As well as creating a uart_no_fifo entity and architecture:

library ieee;
use ieee.std_logic_1164.all;

entity uart_no_fifo is
    generic (
        DBIT:     integer := 8;   -- number of  data bits
        SB_TICK:  integer := 16   -- number of clocks for stop bits, 16 per bit
    );
    port (
        clk:           in  std_logic;
        reset:         in  std_logic;
        dvsr:          in  std_logic_vector (10 downto 0);
        rx:            in  std_logic;
        tx_start:      in  std_logic;
        w_data:        in  std_logic_vector (7 downto 0);
        r_data:        out std_logic_vector (7 downto 0);
        tx:            out std_logic;
        rx_done_tick:  out std_logic;
        tx_done_tick:  out std_logic
    );
end entity uart_no_fifo;

architecture foo of uart_no_fifo is
    component mod_m_counter is  -- Chapter 4.11  (MODIFIED)
        generic (
            N: integer := 4      -- number of bits
            -- M: integer := 10     -- mod-M  -- DELETED
        );
        port (
            clk, reset:     in  std_logic;
            dvsr:           in  std_logic_vector (10 downto 0);  -- ADDED
            max_tick:       out std_logic;
            q:              out std_logic_vector(N - 1 downto 0)
        );
    end component mod_m_counter;
    component uart_tx is       -- Chapter 7.1
       generic (
          DBIT:     integer := 8;     -- # data bits
          SB_TICK:  integer := 16      -- # ticks for stop bits
       );
       port (
          clk, reset:   in  std_logic;
          tx_start:     in  std_logic;
          s_tick:       in  std_logic;
          din:          in  std_logic_vector(7 downto 0);
          tx_done_tick: out std_logic;
          tx:           out std_logic
       );
    end component uart_tx;
    component uart_rx is      -- Chapter 7.3
        generic (
            DBIT:       integer := 8;  -- # data bits
            SB_TICK:    integer := 16  -- # ticks for stop bits
        );
        port (
          clk, reset:   in  std_logic;
          rx:           in  std_logic;
          s_tick:       in  std_logic;
          rx_done_tick: out std_logic;
          dout:         out std_logic_vector(7 downto 0)
       );
    end component uart_rx;
    signal tick:    std_logic;
begin
BAUD_RATE_GENERATOR:
    mod_m_counter
        generic map (
            N => 16
        )
        port map (
            clk => clk,
            reset => reset,
            dvsr => dvsr,
            max_tick => tick,
            q => open
        );
UART_TXMT:
    uart_tx
        generic map (
            DBIT => DBIT,
            SB_TICK => SB_TICK
        )
        port map (
            clk => clk,
            reset => reset,
            tx_start => tx_start,
            s_tick => tick,
            din => w_data,
            tx_done_tick => tx_done_tick,
            tx => tx
        );
UART_RCV:
    uart_rx
        generic map (
            DBIT => DBIT,
            SB_TICK => SB_TICK
        )
        port map (
            clk => clk,
            reset => reset,
            rx => rx,
            s_tick => tick,
            rx_done_tick => rx_done_tick,
            dout => r_data
        );
end architecture foo;

Which replicates the glitch when used with your supplied testbench:

This is a static hazard where the output rx_done_tick goes from a '0' to a '1' and back to a '0', caused by evaluating s_tick in the uart_rx state machine:

                when stop =>
                    if s_tick = '1' then
                        if s_reg = SB_TICK - 1 then
                            state_next   <= idle;
                            rx_done_tick <= '1';
                        else
                            s_next <= s_reg + 1;
                        end if;
                    end if;
        end case;

It's necessary because the idle state doesn't take into effect s_tick.

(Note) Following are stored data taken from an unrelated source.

(* Let $\mathbb{K}\in\{\mathbb{R},\mathbb{C}\}$ and let $\mathcal{X}$ be a topological $\mathbb{K}$-vector space whose topological dual $\mathcal{X}^{\ast}$ separates the points of $\mathcal{X}$. Then $\mathbf{CF}(\mathcal{X}^{\ast})$, endowed with the (subspace topology of the) weak*-Hausdorff hypertopology, is a Hausdorff space.
   Context: Topological vector spaces are Hausdorff. $\mathcal{X}^{\ast}$ carries the weak* topology. $\mathbf{F}(\mathcal{X}^{\ast})$ is the set of nonempty weak*-closed subsets of $\mathcal{X}^{\ast}$ and $\mathbf{CF}(\mathcal{X}^{\ast})\subseteq\mathbf{F}(\mathcal{X}^{\ast})$ the subset of convex ones. The weak*-Hausdorff hypertopology on $\mathbf{F}(\mathcal{X}^{\ast})$ is the topology generated by the family of extended pseudometrics $d_H^{(A)}(F,\tilde F)=\max\{\sup_{\sigma\in F}\inf_{\tilde\sigma\in\tilde F}|(\sigma-\tilde\sigma)(A)|,\ \sup_{\tilde\sigma\in\tilde F}\inf_{\sigma\in F}|(\sigma-\tilde\sigma)(A)|\}\in[0,\infty]$, $A\in\mathcal{X}$. *)

theory Defs
  imports "HOL-Analysis.Analysis"
begin

text \<open>A topological vector space over the scalar field 'k (a real normed field,
  i.e. R or C up to isomorphism by Mazur's theorem), with scalar multiplication
  sc.\<close>
definition tvs :: "('k::real_normed_field \<Rightarrow> 'v::{ab_group_add,t2_space} \<Rightarrow> 'v) \<Rightarrow> bool" where
  "tvs sc \<longleftrightarrow> vector_space sc
     \<and> continuous_on UNIV (\<lambda>p::'v \<times> 'v. fst p + snd p)
     \<and> continuous_on UNIV (\<lambda>p::'k \<times> 'v. sc (fst p) (snd p))"

definition tdual :: "('k::real_normed_field \<Rightarrow> 'v::{ab_group_add,topological_space} \<Rightarrow> 'v) \<Rightarrow> ('v \<Rightarrow> 'k) set" where
  "tdual sc = {f. Vector_Spaces.linear sc (*) f \<and> continuous_on UNIV f}"

text \<open>Weak* topology on the dual: topology of pointwise convergence, i.e. the
  subspace topology of the product topology on 'v \<Rightarrow> 'k.\<close>
definition weak_star :: "('k::real_normed_field \<Rightarrow> 'v::{ab_group_add,topological_space} \<Rightarrow> 'v) \<Rightarrow> ('v \<Rightarrow> 'k) topology" where
  "weak_star sc = subtopology (product_topology (\<lambda>_. euclidean) UNIV) (tdual sc)"

definition convex_fun_set :: "('v \<Rightarrow> 'k::real_normed_field) set \<Rightarrow> bool" where
  "convex_fun_set F \<longleftrightarrow> (\<forall>\<sigma>\<in>F. \<forall>\<tau>\<in>F. \<forall>t::real. 0 \<le> t \<and> t \<le> 1 \<longrightarrow>
      (\<lambda>x. of_real t * \<sigma> x + of_real (1 - t) * \<tau> x) \<in> F)"

definition Fstar :: "('k::real_normed_field \<Rightarrow> 'v::{ab_group_add,topological_space} \<Rightarrow> 'v) \<Rightarrow> ('v \<Rightarrow> 'k) set set" where
  "Fstar sc = {F. F \<noteq> {} \<and> closedin (weak_star sc) F}"

definition CFstar :: "('k::real_normed_field \<Rightarrow> 'v::{ab_group_add,topological_space} \<Rightarrow> 'v) \<Rightarrow> ('v \<Rightarrow> 'k) set set" where
  "CFstar sc = {F \<in> Fstar sc. convex_fun_set F}"

definition dH :: "'v \<Rightarrow> ('v \<Rightarrow> 'k::real_normed_field) set \<Rightarrow> ('v \<Rightarrow> 'k) set \<Rightarrow> ereal" where
  "dH A F G = max (SUP \<sigma>\<in>F. INF \<tau>\<in>G. ereal (norm (\<sigma> A - \<tau> A)))
                  (SUP \<tau>\<in>G. INF \<sigma>\<in>F. ereal (norm (\<sigma> A - \<tau> A)))"

text \<open>Topology on a family FF of sets generated by the family of extended
  pseudometrics dH A, A in 'v: U is open iff around each point F of U some
  finite intersection of dH-balls of common radius is contained in U.\<close>
definition hyper_topology :: "('v \<Rightarrow> 'k::real_normed_field) set set \<Rightarrow> ('v \<Rightarrow> 'k) set topology" where
  "hyper_topology FF = topology (\<lambda>U. U \<subseteq> FF \<and> (\<forall>F\<in>U. \<exists>S e. finite S \<and> e > 0 \<and>
      {G \<in> FF. \<forall>A\<in>S. dH A F G < ereal e} \<subseteq> U))"

lemma istopology_hyper:
  "istopology (\<lambda>U. U \<subseteq> FF \<and> (\<forall>F\<in>U. \<exists>S e. finite S \<and> e > 0 \<and>
      {G \<in> FF. \<forall>A\<in>S. dH A F G < ereal e} \<subseteq> U))"
  unfolding istopology_def
proof (rule conjI; intro allI impI)
  fix U V
  assume h: "(U \<subseteq> FF \<and> (\<forall>F\<in>U. \<exists>S e. finite S \<and> e > 0 \<and> {G \<in> FF. \<forall>A\<in>S. dH A F G < ereal e} \<subseteq> U))"
             "(V \<subseteq> FF \<and> (\<forall>F\<in>V. \<exists>S e. finite S \<and> e > 0 \<and> {G \<in> FF. \<forall>A\<in>S. dH A F G < ereal e} \<subseteq> V))"
  show "U \<inter> V \<subseteq> FF \<and> (\<forall>F\<in>U \<inter> V. \<exists>S e. finite S \<and> e > 0 \<and> {G \<in> FF. \<forall>A\<in>S. dH A F G < ereal e} \<subseteq> U \<inter> V)"
  proof (intro conjI ballI)
    show "U \<inter> V \<subseteq> FF" using h by blast
    fix F assume "F \<in> U \<inter> V"
    then have "F \<in> U" "F \<in> V" by auto
    from \<open>F \<in> U\<close> h obtain S1 e1 where a: "finite S1" "e1 > 0" "{G \<in> FF. \<forall>A\<in>S1. dH A F G < ereal e1} \<subseteq> U"
      by blast
    from \<open>F \<in> V\<close> h obtain S2 e2 where b: "finite S2" "e2 > 0" "{G \<in> FF. \<forall>A\<in>S2. dH A F G < ereal e2} \<subseteq> V"
      by blast
    have "{G \<in> FF. \<forall>A\<in>S1 \<union> S2. dH A F G < ereal (min e1 e2)} \<subseteq> U \<inter> V"
      using a(3) b(3) by (force simp: less_le_trans)
    then show "\<exists>S e. finite S \<and> e > 0 \<and> {G \<in> FF. \<forall>A\<in>S. dH A F G < ereal e} \<subseteq> U \<inter> V"
      using a b by (intro exI[of _ "S1 \<union> S2"] exI[of _ "min e1 e2"]) auto
  qed
next
  fix K
  assume h: "\<forall>U\<in>K. U \<subseteq> FF \<and> (\<forall>F\<in>U. \<exists>S e. finite S \<and> e > 0 \<and> {G \<in> FF. \<forall>A\<in>S. dH A F G < ereal e} \<subseteq> U)"
  show "\<Union>K \<subseteq> FF \<and> (\<forall>F\<in>\<Union>K. \<exists>S e. finite S \<and> e > 0 \<and> {G \<in> FF. \<forall>A\<in>S. dH A F G < ereal e} \<subseteq> \<Union>K)"
    using h by (meson Union_iff Union_least subset_iff)
qed

end

theory Submission
  imports Defs "HOL-Computational_Algebra.Fundamental_Theorem_Algebra"
begin

text \<open>Let \<open>F \<noteq> G\<close> be weak*-closed convex sets of functionals, say \<open>\<sigma> \<in> F - G\<close>. Since \<open>G\<close> is
  weak*-closed there are finitely many points \<open>A \<in> S\<close> and \<open>\<epsilon> > 0\<close> such that every \<open>\<tau> \<in> G\<close> differs
  from \<open>\<sigma>\<close> by at least \<open>\<epsilon>\<close> at some \<open>A \<in> S\<close>. The vectors \<open>(\<tau> A - \<sigma> A)\<close>, \<open>A \<in> S\<close>, form a
  convex set bounded away from \<open>0\<close> in \<open>K\<^sup>S\<close>; its point of least Euclidean norm, a Hilbert-space
  projection, gives weights \<open>w\<close> with \<open>\<bar>\<Sum>A\<in>S. w A * (\<tau> A - \<sigma> A)\<bar> \<ge> \<delta> > 0\<close>, i.e.
  \<open>\<bar>\<sigma> B - \<tau> B\<bar> \<ge> \<delta>\<close> on \<open>G\<close> for the single point \<open>B = \<Sum>A\<in>S. sc (w A) A\<close>. Then the
  hypertopology neighbourhoods ``meets the \<open>\<delta>/2\<close>-ball around \<open>\<sigma> B\<close>'' of \<open>F\<close> and ``lies within
  less than \<open>\<delta>/2\<close> of \<open>G\<close> at \<open>B\<close>'' of \<open>G\<close> are disjoint.

  The projection needs the scalar field \<open>K\<close> to be \<open>\<real>\<close> or \<open>\<complex>\<close>, which holds for every real
  normed field by Ostrowski's argument: each element is a root of a real quadratic polynomial.\<close>

section \<open>Real normed fields embed isometrically into \<open>\<complex>\<close>\<close>

lemma map_poly_add_hom:
  fixes f :: "'a::comm_ring_1 \<Rightarrow> 'b::comm_ring_1"
  assumes "\<And>x y. f (x + y) = f x + f y" "f 0 = 0"
  shows "map_poly f (p + q) = map_poly f p + map_poly f q"
  by (rule poly_eqI) (simp add: coeff_map_poly assms)

lemma map_poly_mult_hom:
  fixes f :: "'a::comm_ring_1 \<Rightarrow> 'b::comm_ring_1"
  assumes add: "\<And>x y. f (x + y) = f x + f y" and mult: "\<And>x y. f (x * y) = f x * f y"
    and zero: "f 0 = 0"
  shows "map_poly f (p * q) = map_poly f p * map_poly f q"
proof (induction p)
  case (pCons a p)
  have "map_poly f (pCons a p * q) = map_poly f (smult a q) + map_poly f (pCons 0 (p * q))"
    by (simp add: map_poly_add_hom add zero)
  also have "\<dots> = smult (f a) (map_poly f q) + pCons 0 (map_poly f p * map_poly f q)"
    by (simp add: map_poly_smult map_poly_pCons mult zero pCons.IH)
  also have "\<dots> = map_poly f (pCons a p) * map_poly f q"
    by (simp add: map_poly_pCons zero)
  finally show ?case .
qed simp

lemma map_poly_prod_hom:
  fixes f :: "'a::comm_ring_1 \<Rightarrow> 'b::comm_ring_1"
  assumes "\<And>x y. f (x + y) = f x + f y" "\<And>x y. f (x * y) = f x * f y" "f 0 = 0" "f 1 = 1"
  shows "map_poly f (\<Prod>i\<in>A. P i) = (\<Prod>i\<in>A. map_poly f (P i))"
  by (induction A rule: infinite_finite_induct) (simp_all add: map_poly_mult_hom assms)

lemma map_poly_power_hom:
  fixes f :: "'a::comm_ring_1 \<Rightarrow> 'b::comm_ring_1"
  assumes "\<And>x y. f (x + y) = f x + f y" "\<And>x y. f (x * y) = f x * f y" "f 0 = 0" "f 1 = 1"
  shows "map_poly f (p ^ n) = map_poly f p ^ n"
  by (induction n) (simp_all add: map_poly_mult_hom assms)

definition conj_pair_poly :: "complex \<Rightarrow> 'a::{real_algebra_1,comm_ring_1} poly" where
  "conj_pair_poly z = [:of_real ((cmod z)\<^sup>2), - of_real (2 * Re z), 1:]"

lemma map_poly_of_real_conj_pair_poly [simp]:
  "map_poly of_real (conj_pair_poly z) = conj_pair_poly z"
  by (simp add: conj_pair_poly_def map_poly_pCons)

lemma conj_pair_poly_complex: "conj_pair_poly z = [:-z, 1:] * [:-cnj z, 1:]"
proof -
  have "[:-z, 1:] * [:-cnj z, 1:] = [:z * cnj z, - (z + cnj z), 1:]"
    by (simp add: algebra_simps)
  then show ?thesis
    by (simp add: conj_pair_poly_def complex_mult_cnj complex_add_cnj cmod_power2)
qed

lemma poly_conj_pair_poly:
  "poly (conj_pair_poly z) x = x\<^sup>2 - of_real (2 * Re z) * x + of_real ((cmod z)\<^sup>2)"
  by (simp add: conj_pair_poly_def algebra_simps power2_eq_square)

Note a common s_tick from the baud rate generator is used for both uart_tx and uart_rx. In duplex communications this wouldn't be the case, the two ends of the serial link would be running off different clocks and have different x16 baud sample ticks.

Evaluating s_tick could be added to to state idle, but wouldn't help. The output rx_done_tick isn't clock synchronous, the state machine is Mealy (when it doesn't have to be, it has separate processes for clocked state transitions and outputs) where in a Moore machine s_tick would be an enable for the clock and rx_done_tick would have to be predicatively set to a '1'.

One of the things you notice in Figure 7.5 is that the FIFO's you have eliminated are clock synchronous where outputs from the UART RX and TX are evaluated on a clock edge. Evaluating rx_done_tick on the rising edge of the clock overcomes the static hazard. That's not the case in your testbench.

Modifying your testbench to evaluate rx_done_tick synchronously:

  -- wait until rx_done_tick = '1';  -- CHANGE, now clock synchronous
  wait until rising_edge(clk) and rx_done_tick = '1';

yields useful results:

You'd also find waiting for expected clock synchronous events you could get rid of at least one other wait statement.

You can also eliminate the static hazard.

The idea here is to reduce impulse noise in digital logic.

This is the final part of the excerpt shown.